Si me detengo en la esquina para ver los titulares de diarios y encuentro una portada que dice “Alan busca la reconciliación”, y al lado otra dice “Alan acepta su derrota”. ¿A cuál le creo? ¿Alguno me está informando realmente? ¿Ninguno?
Y es que mantenerse informado en el Perú no es cosa fácil. Ya es bastante complicado seguirle el rastro a las noticias como para también tener que diferenciar las noticias medianamente objetivas de las estratégicamente dirigidas por alguna mano sucia.
Para colaborar con mis compañeros lectores de noticias, les presento mi arbitraria radiografía de las tendencias de algunos medios escritos y su relación con el poder.
Si queremos empezar un día tranquilo con cafecito al lado, tenemos a los periódicos que nos informan lo más resaltante del día y señalan con un diseño amigable, los problemas del momento pero sin causar mucho revuelo a la hora de criticar: los periódicos tibios. En esta sección tenemos como protagonista a nuestro decano El Comercio, que nunca queda mal con nadie y a sus tigres enfocados: El Trome, lo mismo que El Comercio, pero de lenguaje popular y Perú 21, que con la salida de su equipo editorial perdió progresismo y se entregó a los responsables de la sección económica.
Si por el contrario, esa mañana nos provoca discutir apasionadamente algún tema nacional con nuestros compañeros de oficina, tenemos los periódicos que primero toman una posición y luego intentan sustentarla de cualquier manera: los periódicos pasionales. En esta sección tenemos a Expreso, con su clásica y amarillenta sobonería a cualquier cosa que haga el gobierno de turno, a Correo, sustentando que solo el hombre blanco limeño y neoliberal salvará al Perú y desaparecerá a los pobres. También tenemos al diario La Primera, que por el contrario, encuentra siempre la forma de golpear con dureza al gobierno, sin darse cuenta que para lograrlo, muchas veces glorifica a personajes y posturas tan puercas y dañinas como las que critica.
Podemos tener también una mañana intermedia, con un solitario periódico progre como es La República. Con menos fuerza que en su época combativa, pero con posturas medias y con algunos buenos columnistas. Eso sí, tienen que cambiar ese terrible diseño.

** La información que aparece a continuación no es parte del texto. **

(* Let $\epsilon>0$, $R>0$, $\lambda\in C([0,R])$, and let $\mathcal T'=\{(\alpha,\beta):0\le\beta\le\alpha\le 2R,\ \beta\le 2R-\alpha\}$. Define $\bar\lambda=\max_{\rho\in[0,R]}\frac{|\lambda(\rho)|}{4\epsilon}$, $$G_0(\alpha,\beta)=-\int_{\beta/2}^{\alpha/2}\frac{\lambda(\rho)}{2\epsilon}\,d\rho,$$ and for $k\ge1$ $$G_k(\alpha,\beta)=\int_\beta^\alpha\!\!\int_0^\beta\frac{\lambda\left(\frac{\eta-\sigma}{2}\right)}{4\epsilon}G_{k-1}(\eta,\sigma)\,d\sigma\,d\eta+\int_\beta^\alpha\!\!\int_0^\beta\frac{\eta\sigma}{(\eta^2-\sigma^2)^2}G_{k-1}(\eta,\sigma)\,d\sigma\,d\eta.$$ Then $|G_0|\le F_{00}$ on $\mathcal T'$, and for every $n\ge1$ the integrals defining $G_n$ converge absolutely on $\mathcal T'$ and $$|G_n(\alpha,\beta)|\le F_{n0}(\alpha,\beta)+\sum_{i=0}^{n-1}\sum_{j=1}^{n-i}\frac{C_{(n-i)j}}{4^{\,n-i}}F_{ij}(\alpha,\beta)\qquad\text{for all }(\alpha,\beta)\in\mathcal T'.$$
   Context: For integers $n,k\ge0$ and $0\le\beta<\alpha$, $F_{nk}(\alpha,\beta)=\frac{\bar\lambda^{n+1}\alpha^n\beta^n}{n!(n+1)!}(\alpha-\beta)\frac{\log^k\left(\frac{\alpha+\beta}{\alpha-\beta}\right)}{k!}$, extended continuously by $0$ on the diagonal $\alpha=\beta$. The numbers $C_{ij}$ (Catalan's triangle) are defined by: $C_{11}=1$; $C_{i0}=0$; $C_{ij}=0$ if $j>i$; and $C_{ij}=C_{(i-1)(j-1)}+C_{i(j+1)}$ for all other index pairs ($i\ge2$, $1\le j\le i$). *)

theory Defs
  imports "HOL-Analysis.Analysis"
begin

definition Fnk :: "real \<Rightarrow> nat \<Rightarrow> nat \<Rightarrow> real \<Rightarrow> real \<Rightarrow> real" where
  "Fnk lbar n k \<alpha> \<beta> =
     (if \<alpha> = \<beta> then 0
      else lbar ^ (n + 1) * \<alpha> ^ n * \<beta> ^ n / (fact n * fact (n + 1)) * (\<alpha> - \<beta>)
           * (ln ((\<alpha> + \<beta>) / (\<alpha> - \<beta>))) ^ k / fact k)"
(* Let $m$ be any even number of machines and consider any distributed optimization algorithm satisfying Assumption 1 (non-smooth version). Let $\lambda\ge0$. Then, for $d$ sufficiently large, there exist two convex functions $F_1,F_2$ on the unit Euclidean ball $\{\mathbf w\in\mathbb R^d:\|\mathbf w\|\le1\}$ with the following properties: - each is $\lambda$-strongly convex and $(1+\lambda)$-Lipschitz; - if $m/2$ machines hold $F_1$ and $m/2$ hold $F_2$, set $F=\frac12(F_1+F_2)$ and $\mathbf w^*=\arg\min_{\|\mathbf w\|\le1}F(\mathbf w)$. Then, for every sufficiently small $\epsilon>0$, the number of communication rounds required to obtain $\hat{\mathbf w}$ with $F(\hat{\mathbf w})-F(\mathbf w^* )\le\epsilon$ is at least $\frac{1}{8\epsilon}-2$ if $\lambda=0$, and at least $\sqrt{\frac{1}{16\lambda\epsilon}}-2$ if $\lambda>0$.
   Context: Distributed model: there are $m$ machines; machine $i$ holds a convex function $F_i$, and the goal is to minimize the average $F=\frac1m\sum_iF_i$. The algorithm proceeds in rounds. In each round every machine performs arbitrary (unbounded) local computation. This is followed by a communication round in which each machine broadcasts a message to all other machines. After the last communication round, a designated machine outputs a point $\hat{\mathbf w}$. Assumption 1 (non-smooth version): Each machine $j$ maintains a set $W_j\subset\mathbb R^d$, initially $W_j=\{\mathbf 0\}$. Between communication rounds, machine $j$ may iteratively add to $W_j$ finitely many points $\mathbf w$. Each such point must satisfy, for some subgradient $\mathbf g\in\partial F_j(\mathbf w)$ and some $\gamma,\nu\ge0$ with $\gamma+\nu>0$, $$\gamma\mathbf w+\nu\mathbf g\in\operatorname{span}\{\mathbf w',\ \mathbf g',\ (\nabla^2F_j(\mathbf w')+D)\mathbf w'',\ (\nabla^2F_j(\mathbf w')+D)^{-1}\mathbf w''\},$$ where the span ranges over $\mathbf w',\mathbf w''\in W_j$, subgradients $\mathbf g'\in\partial F_j(\mathbf w')$, and diagonal matrices $D$ such that $\nabla^2F_j(\mathbf w')$ and $(\nabla^2F_j(\mathbf w')+D)^{-1}$ exist. After every communication round, every $W_j$ is replaced by $\bigcup_{i=1}^mW_i$. The final output of the designated machine $j$ is a point in $\operatorname{span}W_j$. *)

theory Defs
  imports Complex_Main
begin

Otro solitario sería La Razón, un enigmático pasquín con una genial combinación de colores en su portada (que asegura su visibilidad en el kiosko), y que espera que empiece la guerra con Chile, que cualquier fujimorista gane cualquier elección y que lo autoritario sea entendido como lo más eficiente. Periódico muy recomendable para envolver adornos antiguos o limpiar cosas en general, nunca para leer en la mañana.
Finalmente y no menos importantes están los que plantean entretener al pasajero y de paso informar un poco: los periódicos al paso. Acá tenemos a Extra, El Men, Ajá y sus demás primos, que básicamente enganchan al lector con primicias de las nuevas vedettes, los romances que causan revuelo, un dato para que nos crezca alguna extremidad o la clave para cobrar la pensión si eres un sufrido jubilado. De los de fútbol sería necio hablar porque así seamos los peores futbolistas del mundo, se seguirán vendiendo.
No olvides que el desayuno es la comida más importante del día, así que dale el respeto que se merece. Como decía alguna vez un personaje entrañable, una persona que en la mañana, puede sentarse, leer el diario y desayunar tranquilo sin que nadie lo joda, es un hombre libre.